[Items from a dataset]
lemma continuous_map_point: "continuous_map sigmaS Y point"
  unfolding continuous_map_def
proof (intro conjI allI impI)
  show "point \<in> topspace sigmaS \<rightarrow> topspace Y"
    using point_base_branch(1) by blast
  fix U assume U: "openin Y U"
  show "openin sigmaS {x \<in> topspace sigmaS. point x \<in> U}"
    unfolding openin_sigmaS
  proof
    fix w assume "w \<in> {x \<in> topspace sigmaS. point x \<in> U}"
    then obtain m where "cut V w m \<union> {point w} \<subseteq> U"
      using point_base_branch(2)[of w] U unfolding base_branches_def by blast
    then have "point ` SBall w m \<subseteq> U"
      unfolding point_image_SBall by simp
    then have "SBall w m \<subseteq> {x \<in> topspace sigmaS. point x \<in> U}"
      unfolding image_subset_iff topspace_sigmaS by blast
    then show "\<exists>m. SBall w m \<subseteq> {x \<in> topspace sigmaS. point x \<in> U}" by blast
  qed
qed

lemma open_map_point: "open_map sigmaS Y point"
  unfolding open_map_def
proof (intro allI impI)
  fix W assume "openin sigmaS W"
  then obtain m where m: "\<And>w. w \<in> W \<Longrightarrow> SBall w (m w) \<subseteq> W"
    unfolding openin_sigmaS by metis
  have W: "point ` W = (\<Union>w\<in>W. point ` SBall w (m w))"
    using m SBall_self by blast
  have "openin Y (point ` SBall w (m w))" for w
    using point_base_branch(2)[of w] unfolding point_image_SBall base_branches_def by simp
  then show "openin Y (point ` W)"
    unfolding W by (intro openin_Union) blast
qed

lemma point_surjective: "point ` topspace sigmaS = topspace Y"
proof
  show "point ` topspace sigmaS \<subseteq> topspace Y"
    using point_base_branch(1) by blast
  show "topspace Y \<subseteq> point ` topspace sigmaS"
  proof
    fix y assume y: "y \<in> topspace Y"
    obtain q where "q \<in> branches V y"
      using covering_branch_exists[OF covers y] .
    then obtain t where "t \<in> base_branches V y Y"
      using base_branch_near[OF y] by blast
    then have "point t = y"
      by (rule point_eqI[OF y])
    then show "y \<in> point ` topspace sigmaS"
      unfolding topspace_sigmaS by blast
  qed
qed

lemma point_injective:
  assumes "locally_strict V" shows "inj point"
proof (rule injI)
  fix p q assume "point p = point q"
  then have "point p \<in> fruit V p \<inter> fruit V q"
    using point_in_fruit[of p] point_in_fruit[of q] by simp
  then show "p = q"
    using locally_strict_fruits_disjoint[OF assms, of p q] by blast
qed

end

text \<open>Local strictness alone makes the map injective; strict branches are not needed.\<close>

theorem mainTheorem8:
  fixes Y :: "'a topology"
  assumes "Hausdorff_space Y"
    and "\<exists>V. sorgenfrey_base Y V"
  shows "(\<exists>f. continuous_map sigmaS Y f \<and> open_map sigmaS Y f \<and> f ` topspace sigmaS = topspace Y)
    \<and> ((\<exists>V. sorgenfrey_base Y V \<and> locally_strict V \<and> strict_branches V)
         \<longrightarrow> sigmaS homeomorphic_space Y)"
proof (intro conjI impI)
  obtain V where "sorgenfrey_base Y V" using assms(2) by blast
  then interpret hausdorff_sorgenfrey_base Y V
    using assms(1) by unfold_locales
  show "\<exists>f. continuous_map sigmaS Y f \<and> open_map sigmaS Y f \<and> f ` topspace sigmaS = topspace Y"
    using continuous_map_point open_map_point point_surjective by blast
next
  assume "\<exists>V. sorgenfrey_base Y V \<and> locally_strict V \<and> strict_branches V"
  then obtain V where "sorgenfrey_base Y V" "locally_strict V" by blast
  then interpret hausdorff_sorgenfrey_base Y V
    using assms(1) by unfold_locales
  have "inj_on point (topspace sigmaS)"
    using point_injective[OF \<open>locally_strict V\<close>] by (simp add: topspace_sigmaS)
  then have "homeomorphic_map sigmaS Y point"
    by (rule bijective_open_imp_homeomorphic_map[OF continuous_map_point open_map_point
          point_surjective])
  then show "sigmaS homeomorphic_space Y"
    unfolding homeomorphic_space by blast
qed

end
(* Semiunitarity of the standard representations forces every row and every column of the
   sandwich matrix P to contain exactly one nonzero entry. Indeed, if p_{jl} is nonzero, the
   image of (p_{jl}^{-1})_{lj} under pi^l is a partial isometry one of whose columns is a standard
   basis vector; the row through that entry must then vanish elsewhere, whereas a second nonzero
   entry in row j of P would place there a row of an invertible matrix sigma(g). A regular Rees
   matrix semigroup whose sandwich matrix has this shape is an inverse semigroup: the inverse of
   (a)_{ij} is (c)_{i'j'}, where p_{ji'} and p_{j'i} are the nonzero entries in row j and column i
   and c p_{j'i} = (a p_{ji'})^{-1}.

   If pi^l is moreover a *-representation, the single nonzero block sigma(a p_{ji'}) of pi^l((a)_{ij})
   is unitary, so the image of the adjoint element has the block sigma((a p_{ji'})^{-1}) in the
   transposed position. Since sigma contains every irreducible representation it is faithful:
   an element acting trivially on all irreducibles acts trivially on every unitary
   representation, which decomposes orthogonally into irreducibles, in particular on the regular
   one. Hence the adjoint of (a)_{ij} is its inverse. *)

section \<open>Conjugate transpose and orthonormal frames\<close>

(* Gram_Schmidt brings the adjugate of Determinant into scope under the name adj_mat. *)
abbreviation adjm :: "complex mat \<Rightarrow> complex mat" where "adjm \<equiv> Defs.adj_mat"

lemma adjm_carrier[simp]: "A \<in> carrier_mat a b \<Longrightarrow> adjm A \<in> carrier_mat b a"
  unfolding Defs.adj_mat_def by auto

lemma adjm_dims[simp]: "dim_row (adjm A) = dim_col A" "dim_col (adjm A) = dim_row A"
  unfolding Defs.adj_mat_def by auto

lemma adjm_index[simp]: "i < dim_col A \<Longrightarrow> j < dim_row A \<Longrightarrow> adjm A $$ (i,j) = cnj (A $$ (j,i))"
  unfolding Defs.adj_mat_def by auto

lemma adjm_adjm[simp]: "adjm (adjm A) = A"
  by (rule eq_matI) auto

lemma adjm_mult:
  assumes "A \<in> carrier_mat a b" "B \<in> carrier_mat b c"
  shows "adjm (A * B) = adjm B * adjm A"
  by (rule eq_matI) (use assms in \<open>auto simp: scalar_prod_def intro!: sum.cong\<close>)

lemma adjm_mat_diag: "adjm (mat_diag r f) = mat_diag r (\<lambda>i. cnj (f i))"
  by (rule eq_matI) (auto simp: mat_diag_def)

lemma mult_cnj_eq_cmod_square: "(z::complex) * cnj z = complex_of_real ((cmod z)^2)"
  by (metis complex_norm_square)

lemma cscalar_prod_self:
  fixes v :: "complex vec"
  assumes "v \<in> carrier_vec d"
  shows "v \<bullet>c v = complex_of_real (\<Sum>t<d. (cmod (v$t))^2)"
  using assms unfolding scalar_prod_def of_real_sum
  by (auto simp: lessThan_atLeast0 mult_cnj_eq_cmod_square intro!: sum.cong)

lemma eq_mat_if_mult_vec_eq:
  fixes A B :: "'a::comm_ring_1 mat"
  assumes "A \<in> carrier_mat a b" "B \<in> carrier_mat a b"
    and "\<And>x. x \<in> carrier_vec b \<Longrightarrow> A *\<^sub>v x = B *\<^sub>v x"
  shows "A = B"
proof (rule eq_matI)
  fix i j assume ij: "i < dim_row B" "j < dim_col B"
  have "A $$ (i,j) = (A *\<^sub>v unit_vec b j) $ i" "B $$ (i,j) = (B *\<^sub>v unit_vec b j) $ i"
    using assms(1,2) ij by (simp_all add: row_def[symmetric])
  then show "A $$ (i, j) = B $$ (i, j)" using assms(3)[of "unit_vec b j"] by simp
qed (use assms in auto)

lemma mult_mat_vec_zero: "(A :: 'a::semiring_0 mat) \<in> carrier_mat a b \<Longrightarrow> A *\<^sub>v 0\<^sub>v b = 0\<^sub>v a"
  by (rule eq_vecI) (auto simp: scalar_prod_def)

definition mat_range :: "complex mat \<Rightarrow> complex vec set" where
  "mat_range B = (\<lambda>x. B *\<^sub>v x) ` carrier_vec (dim_col B)"

definition orthonormal_frame :: "nat \<Rightarrow> nat \<Rightarrow> complex mat \<Rightarrow> bool" where
  "orthonormal_frame d r B \<longleftrightarrow> B \<in> carrier_mat d r \<and> adjm B * B = 1\<^sub>m r"

lemma orthonormal_frame_left_inverse:
  assumes "orthonormal_frame d r B" "x \<in> carrier_vec r"
  shows "adjm B *\<^sub>v (B *\<^sub>v x) = x"
proof -
  have B: "B \<in> carrier_mat d r" "adjm B * B = 1\<^sub>m r"
    using assms(1) unfolding orthonormal_frame_def by auto
  have "adjm B *\<^sub>v (B *\<^sub>v x) = (adjm B * B) *\<^sub>v x"
    using assoc_mult_mat_vec[of "adjm B" r d B r x] B assms(2) by simp
  then show ?thesis using B assms(2) by simp
qed

lemma (in vec_space) submodule_has_finite_basis:
  assumes sub: "submodule class_ring W V"
  shows "\<exists>A. finite A \<and> card A \<le> n \<and> A \<subseteq> W \<and> lin_indpt A \<and> span A = W"
proof -
  have Wc: "W \<subseteq> carrier_vec n" using sub unfolding submodule_def by auto
  define indep_in_W where "indep_in_W A \<longleftrightarrow> A \<subseteq> W \<and> lin_indpt A" for A
  have bound: "finite A \<and> card A \<le> n" if "indep_in_W A" for A
    using li_le_dim[OF fin_dim, of A] that Wc unfolding indep_in_W_def dim_is_n by auto
  have "indep_in_W {}" unfolding indep_in_W_def lin_dep_def by auto
  from maximal_exists[of indep_in_W n, OF bound this]
  obtain A where maxA: "maximal A indep_in_W" by blast
  then have indepA: "indep_in_W A" unfolding maximal_def by auto
  have "W \<subseteq> span A"
  proof
    fix w assume w: "w \<in> W"
    show "w \<in> span A"
    proof (rule ccontr)
      assume ns: "w \<notin> span A"
      then have "w \<notin> A" using in_own_span[of A] indepA Wc unfolding indep_in_W_def by auto
      moreover have "lin_indpt (A \<union> {w})"
        using lin_dep_iff_in_span[of A w] indepA Wc w ns \<open>w \<notin> A\<close> unfolding indep_in_W_def by auto
      then have "A \<union> {w} = A" using maxA w indepA unfolding maximal_def indep_in_W_def by auto
      ultimately show False by auto
    qed
  qed
  moreover have "span A \<subseteq> W" using span_is_subset[OF _ sub] indepA unfolding indep_in_W_def by auto
  ultimately show ?thesis using indepA bound[OF indepA] unfolding indep_in_W_def by auto
qed

lemma subspace_eq_col_space_corthogonal:
  fixes W :: "complex vec set"
  assumes W: "is_subspace d W"
  shows "\<exists>us. set us \<subseteq> carrier_vec d \<and> corthogonal us \<and> length us \<le> d \<and>
     vec_space.col_space d (mat_of_cols d us) = W"
proof -
  interpret cof_vec_space d "TYPE(complex)" .
  have "submodule class_ring W V"
    unfolding submodule_def using W vec_module unfolding is_subspace_def by auto
  then obtain A where A: "finite A" "card A \<le> d" "A \<subseteq> W" "lin_indpt A" "span A = W"
    using submodule_has_finite_basis by blast
  obtain xs where xs: "set xs = A" "distinct xs" using finite_distinct_list[OF A(1)] by auto
  have xsc: "set xs \<subseteq> carrier_vec d" using xs A(3) W unfolding is_subspace_def by auto
  note gs = gram_schmidt_result[OF xsc xs(2), of "gram_schmidt d xs"]
  have "length (gram_schmidt d xs) \<le> d" using gs(4) A(2) xs A(4) distinct_card[OF xs(2)] by auto
  moreover have "col_space (mat_of_cols d (gram_schmidt d xs)) = W"
    unfolding col_space_def using gs(1,3) xs A by simp
  ultimately show ?thesis using gs(2,3) xs A(4) by blast
qed

lemma mat_range_mult_invertible:
  assumes B: "B \<in> carrier_mat d r" and D: "D \<in> carrier_mat r r" and D': "D' \<in> carrier_mat r r"
    and DD': "D * D' = 1\<^sub>m r"
  shows "mat_range (B * D) = mat_range B"
proof (intro equalityI subsetI)
  fix y assume "y \<in> mat_range (B * D)"
  then obtain x where x: "x \<in> carrier_vec r" "y = (B * D) *\<^sub>v x"
    using B D by (auto simp: mat_range_def)
  then have "y = B *\<^sub>v (D *\<^sub>v x)" using assoc_mult_mat_vec[OF B D x(1)] by simp
  then show "y \<in> mat_range B" using B D x(1) by (auto simp: mat_range_def)
next
  fix y assume "y \<in> mat_range B"
  then obtain x where x: "x \<in> carrier_vec r" "y = B *\<^sub>v x"
    using B by (auto simp: mat_range_def)
  have "(B * D) *\<^sub>v (D' *\<^sub>v x) = B *\<^sub>v ((D * D') *\<^sub>v x)"
    using B D D' x(1) by (simp add: assoc_mult_mat_vec)
  then have "y = (B * D) *\<^sub>v (D' *\<^sub>v x)" using DD' x by simp
  then show "y \<in> mat_range (B * D)" using B D D' x(1) by (auto simp: mat_range_def)
qed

Task item
Among the entries above, locate the lines containing "by (rule eq_matI) (auto simp: mat_diag_def)" and "fix i j assume", and transcribe exactly those two lines and all lines between.

Your solution
  by (rule eq_matI) (auto simp: mat_diag_def)

lemma mult_cnj_eq_cmod_square: "(z::complex) * cnj z = complex_of_real ((cmod z)^2)"
  by (metis complex_norm_square)

lemma cscalar_prod_self:
  fixes v :: "complex vec"
  assumes "v \<in> carrier_vec d"
  shows "v \<bullet>c v = complex_of_real (\<Sum>t<d. (cmod (v$t))^2)"
  using assms unfolding scalar_prod_def of_real_sum
  by (auto simp: lessThan_atLeast0 mult_cnj_eq_cmod_square intro!: sum.cong)

lemma eq_mat_if_mult_vec_eq:
  fixes A B :: "'a::comm_ring_1 mat"
  assumes "A \<in> carrier_mat a b" "B \<in> carrier_mat a b"
    and "\<And>x. x \<in> carrier_vec b \<Longrightarrow> A *\<^sub>v x = B *\<^sub>v x"
  shows "A = B"
proof (rule eq_matI)
  fix i j assume ij: "i < dim_row B" "j < dim_col B"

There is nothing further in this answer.